REQUIRED ACTION:
The word "notin" marks the lines to find; copy every such line from the data below.

GIVEN INFORMATION:
lemma expected_conv_time_eq_1_iff:
  "expected_conv_time V E s = 1 \<longleftrightarrow>
     \<not> stable V E s \<and> (\<forall>y\<in>set_pmf (rp_step V E s). stable V E y)"
proof (cases "stable V E s")
  case True
  then show ?thesis
    by (simp add: expected_conv_time_def conv_time_gt_stable)
next
  case unstable: False
  show ?thesis
  proof (cases "\<forall>y\<in>set_pmf (rp_step V E s). stable V E y")
    case True
    have "expected_conv_time V E s = (\<Sum>t\<in>{0}. ennreal (conv_time_gt V E s t))"
      unfolding expected_conv_time_def
    proof (rule suminf_finite)
      fix t :: nat assume "t \<notin> {0}"
      then obtain m where "t = Suc m" by (cases t) auto
      then show "ennreal (conv_time_gt V E s t) = 0"
        using True conv_time_gt_Suc_eq_0 by fastforce
    qed simp
    then show ?thesis
      using True unstable by (simp add: conv_time_gt_0)
  next
    case False
    then obtain y where "y \<in> set_pmf (rp_step V E s)" "\<not> stable V E y" by blast
    then have "1 < conv_time_gt V E s 0 + conv_time_gt V E s 1"
      using conv_time_gt_1_pos unstable by (fastforce simp: conv_time_gt_0)
    moreover have "ennreal (conv_time_gt V E s 0 + conv_time_gt V E s 1)
                   = (\<Sum>t<2. ennreal (conv_time_gt V E s t))"
      by (simp add: numeral_2_eq_2 conv_time_gt_def ennreal_plus)
    moreover have "(\<Sum>t<2. ennreal (conv_time_gt V E s t)) \<le> expected_conv_time V E s"
      unfolding expected_conv_time_def by (rule sum_le_suminf) auto
    ultimately have "expected_conv_time V E s \<noteq> 1"
      by (metis ennreal_le_1 not_le)
    then show ?thesis using False by blast
  qed
qed

lemma nbrs_nonempty:
  assumes "connected_graph V E" "card V \<ge> 2" "v \<in> V"
  shows "nbrs E v \<noteq> {}"
proof -
  have "\<not> V \<subseteq> {v}"
    using assms(2) card_mono[of "{v}" V] by fastforce
  then obtain u where u: "u \<in> V" "u \<noteq> v" by blast
  then have "(v, u) \<in> E\<^sup>*" using assms(1,3) by (simp add: connected_graph_def)
  then obtain w where "(v, w) \<in> E" using u(2) by (cases rule: converse_rtranclE) auto
  then show ?thesis by (auto simp: nbrs_def)
qed

lemma rtrancl_leaves_set:
  assumes "(u, c) \<in> E\<^sup>*" "u \<in> U" "c \<notin> U"
  shows "\<exists>a b. (a, b) \<in> E \<and> a \<in> U \<and> b \<notin> U"
  using assms(1,3)
proof (induction rule: rtrancl_induct)
  case base
  then show ?case using assms(2) by simp
next
  case (step y z)
  then show ?case by (cases "y \<in> U") auto
qed

lemma undirected_graph_finite_nbrs:
  "undirected_graph V E \<Longrightarrow> v \<in> V \<Longrightarrow> finite (nbrs E v)"
  unfolding undirected_graph_def nbrs_def by (auto intro: finite_subset[of _ V])

lemma rp_step_stable_if_vertex_cover:
  assumes "undirected_graph V E" "\<And>v. v \<in> V \<Longrightarrow> nbrs E v \<noteq> {}"
    and cover: "vertex_cover V E {v\<in>V. colored (s v)}"
    and y: "y \<in> set_pmf (rp_step V E s)"
  shows "stable V E y"
proof -
  have "finite V" using assms(1) by (simp add: undirected_graph_def)
  with y obtain pick where pick: "\<And>v. v \<in> V \<Longrightarrow> nbrs E v \<noteq> {} \<Longrightarrow> (v, pick v) \<in> E"
    and y_eq: "y = adopt V E s pick"
    using rp_step_cases undirected_graph_finite_nbrs[OF assms(1)] by metis
  have "y v \<noteq> Unc" if v: "v \<in> V" for v
  proof (cases "colored (s v)")
    case True
    then show ?thesis by (auto simp: y_eq adopt_def colored_def)
  next
    case False
    then have "colored (s (pick v))"
      using cover pick[OF v assms(2)[OF v]] v by (auto simp: vertex_cover_def)
    then show ?thesis
      using False v assms(2)[OF v] by (cases "s v") (auto simp: y_eq adopt_def colored_def)
  qed
  then show ?thesis by (simp add: stable_def)
qed

lemma rp_step_unstable_at_edge:
  assumes graph: "undirected_graph V E" and ne: "\<And>v. v \<in> V \<Longrightarrow> nbrs E v \<noteq> {}"
    and ab: "(a, b) \<in> E" and aw: "(a, w) \<in> E" and "\<not> colored (s a)" "\<not> colored (s w)"
    and b: "colored (s b) \<or> (\<forall>x. (b, x) \<in> E \<longrightarrow> colored (s x))"
  shows "\<exists>y\<in>set_pmf (rp_step V E s). \<not> stable V E y"
proof -
  have EV: "E \<subseteq> V \<times> V" and "finite V" using graph by (auto simp: undirected_graph_def)
  have "\<forall>v\<in>V. \<exists>x. (v, x) \<in> E \<and> (v = a \<longrightarrow> x = w)"
    using ne aw unfolding nbrs_def by blast
  then obtain pick where pick: "\<And>v. v \<in> V \<Longrightarrow> (v, pick v) \<in> E \<and> (v = a \<longrightarrow> pick v = w)"
    by metis
  define y where "y = adopt V E s pick"
  have "y \<in> set_pmf (rp_step V E s)"
    unfolding y_def
    by (rule adopt_in_rp_step) (use \<open>finite V\<close> undirected_graph_finite_nbrs[OF graph] pick in auto)
  moreover have aV: "a \<in> V" and bV: "b \<in> V" using ab EV by auto
  have "y a = Unc"
    using pick[OF aV] assms(5,6) unfolding y_def adopt_def colored_def by (cases "s a") auto
  moreover have "colored (y b)"
  proof (cases "colored (s b)")
    case True
    then show ?thesis by (auto simp: y_def adopt_def colored_def)
  next
    case False
    then have "colored (s (pick b))" using b pick[OF bV] by blast
    then show ?thesis
      using False bV ne[OF bV] by (cases "s b") (auto simp: y_def adopt_def colored_def)
  qed
  ultimately show ?thesis
    using ab aV unfolding stable_def nbrs_def by blast
qed

lemma rp_step_unstable_if_not_vertex_cover:
  assumes graph: "undirected_graph V E" and conn: "connected_graph V E"
    and ne: "\<And>v. v \<in> V \<Longrightarrow> nbrs E v \<noteq> {}"
    and "\<not> stable V E s" and "\<not> vertex_cover V E {v\<in>V. colored (s v)}"
  shows "\<exists>y\<in>set_pmf (rp_step V E s). \<not> stable V E y"
proof -
  have EV: "E \<subseteq> V \<times> V" using graph by (auto simp: undirected_graph_def)
  define U where "U = {v\<in>V. \<not> colored (s v)}"
  define U' where "U' = {u\<in>U. \<exists>w\<in>U. (u, w) \<in> E}"
  obtain u where "u \<in> U'"
    using assms(5) EV unfolding vertex_cover_def U'_def U_def by fastforce
  moreover obtain c where c: "c \<in> V" "colored (s c)"
    using assms(4) EV unfolding stable_def nbrs_def colored_def by auto
  moreover have "(u, c) \<in> E\<^sup>*"
    using conn c \<open>u \<in> U'\<close> by (simp add: connected_graph_def U'_def U_def)
  ultimately obtain a b where ab: "(a, b) \<in> E" "a \<in> U'" "b \<notin> U'"
    using rtrancl_leaves_set[of u c E U'] unfolding U'_def U_def by blast
  then obtain w where "(a, w) \<in> E" "\<not> colored (s a)" "\<not> colored (s w)"
    unfolding U'_def U_def by blast
  moreover have "colored (s b) \<or> (\<forall>x. (b, x) \<in> E \<longrightarrow> colored (s x))"
    using ab EV unfolding U'_def U_def by blast
  ultimately show ?thesis
    using rp_step_unstable_at_edge[OF graph ne ab(1)] by blast
qed

lemma expected_conv_time_vertex_cover_eq_1:
  assumes graph: "undirected_graph V E" and ne: "\<And>v. v \<in> V \<Longrightarrow> nbrs E v \<noteq> {}"
    and cover: "vertex_cover V E C" and "u \<in> V" "u \<notin> C"
  shows "expected_conv_time V E (\<lambda>v. if v \<in> C then Blue else Unc) = 1"
    (is "expected_conv_time V E ?s = 1")
proof -
  have C_eq: "{v\<in>V. colored (?s v)} = C"
    using cover by (auto simp: colored_def vertex_cover_def)
  obtain w where "(u, w) \<in> E" "w \<in> C"
    using ne[OF \<open>u \<in> V\<close>] cover \<open>u \<notin> C\<close> by (auto simp: nbrs_def vertex_cover_def)
  then have "\<not> stable V E ?s"
    using assms(4,5) by (auto simp: stable_def nbrs_def colored_def)
  then show ?thesis
    using rp_step_stable_if_vertex_cover[OF graph ne, of ?s] cover
    unfolding expected_conv_time_eq_1_iff C_eq by blast
qed

theorem mainTheorem15:
  fixes V :: "'a set" and E :: "('a \<times> 'a) set" and k :: nat
  assumes "undirected_graph V E" and "connected_graph V E"
    and "card V \<ge> 2" and "k < card V"
  shows "(\<exists>s :: 'a state. card {v\<in>V. colored (s v)} = k \<and> expected_conv_time V E s = 1)
     \<longleftrightarrow> (\<exists>C. vertex_cover V E C \<and> card C = k)"
proof -
  have ne: "\<And>v. v \<in> V \<Longrightarrow> nbrs E v \<noteq> {}" using nbrs_nonempty[OF assms(2,3)] .
  show ?thesis
  proof
    assume "\<exists>s :: 'a state. card {v\<in>V. colored (s v)} = k \<and> expected_conv_time V E s = 1"
    then obtain s :: "'a state" where "card {v\<in>V. colored (s v)} = k"
      and "\<not> stable V E s" "\<forall>y\<in>set_pmf (rp_step V E s). stable V E y"
      unfolding expected_conv_time_eq_1_iff by blast
    then show "\<exists>C. vertex_cover V E C \<and> card C = k"
      using rp_step_unstable_if_not_vertex_cover[OF assms(1,2) ne] by blast
  next
    assume "\<exists>C. vertex_cover V E C \<and> card C = k"
    then obtain C where cover: "vertex_cover V E C" and "card C = k" by blast
    have "C \<subseteq> V" using cover by (simp add: vertex_cover_def)
    then obtain v where "v \<in> V" "v \<notin> C"
      using assms(4) \<open>card C = k\<close> by (metis less_irrefl subsetI subset_antisym)
    then have "expected_conv_time V E (\<lambda>v. if v \<in> C then Blue else Unc) = 1"
      using expected_conv_time_vertex_cover_eq_1[OF assms(1) ne cover] by blast
    moreover have "{v\<in>V. colored (if v \<in> C then Blue else Unc)} = C"
      using \<open>C \<subseteq> V\<close> by (auto simp: colored_def)
    ultimately show "\<exists>s :: 'a state. card {v\<in>V. colored (s v)} = k \<and> expected_conv_time V E s = 1"
      using \<open>card C = k\<close> by (intro exI[of _ "\<lambda>v. if v \<in> C then Blue else Unc"]) simp
  qed
qed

SOLUTION TO THE PROBLEM:
      fix t :: nat assume "t \<notin> {0}"
  assumes "(u, c) \<in> E\<^sup>*" "u \<in> U" "c \<notin> U"
  shows "\<exists>a b. (a, b) \<in> E \<and> a \<in> U \<and> b \<notin> U"
  ultimately obtain a b where ab: "(a, b) \<in> E" "a \<in> U'" "b \<notin> U'"
    and cover: "vertex_cover V E C" and "u \<in> V" "u \<notin> C"
    using ne[OF \<open>u \<in> V\<close>] cover \<open>u \<notin> C\<close> by (auto simp: nbrs_def vertex_cover_def)
    then obtain v where "v \<in> V" "v \<notin> C"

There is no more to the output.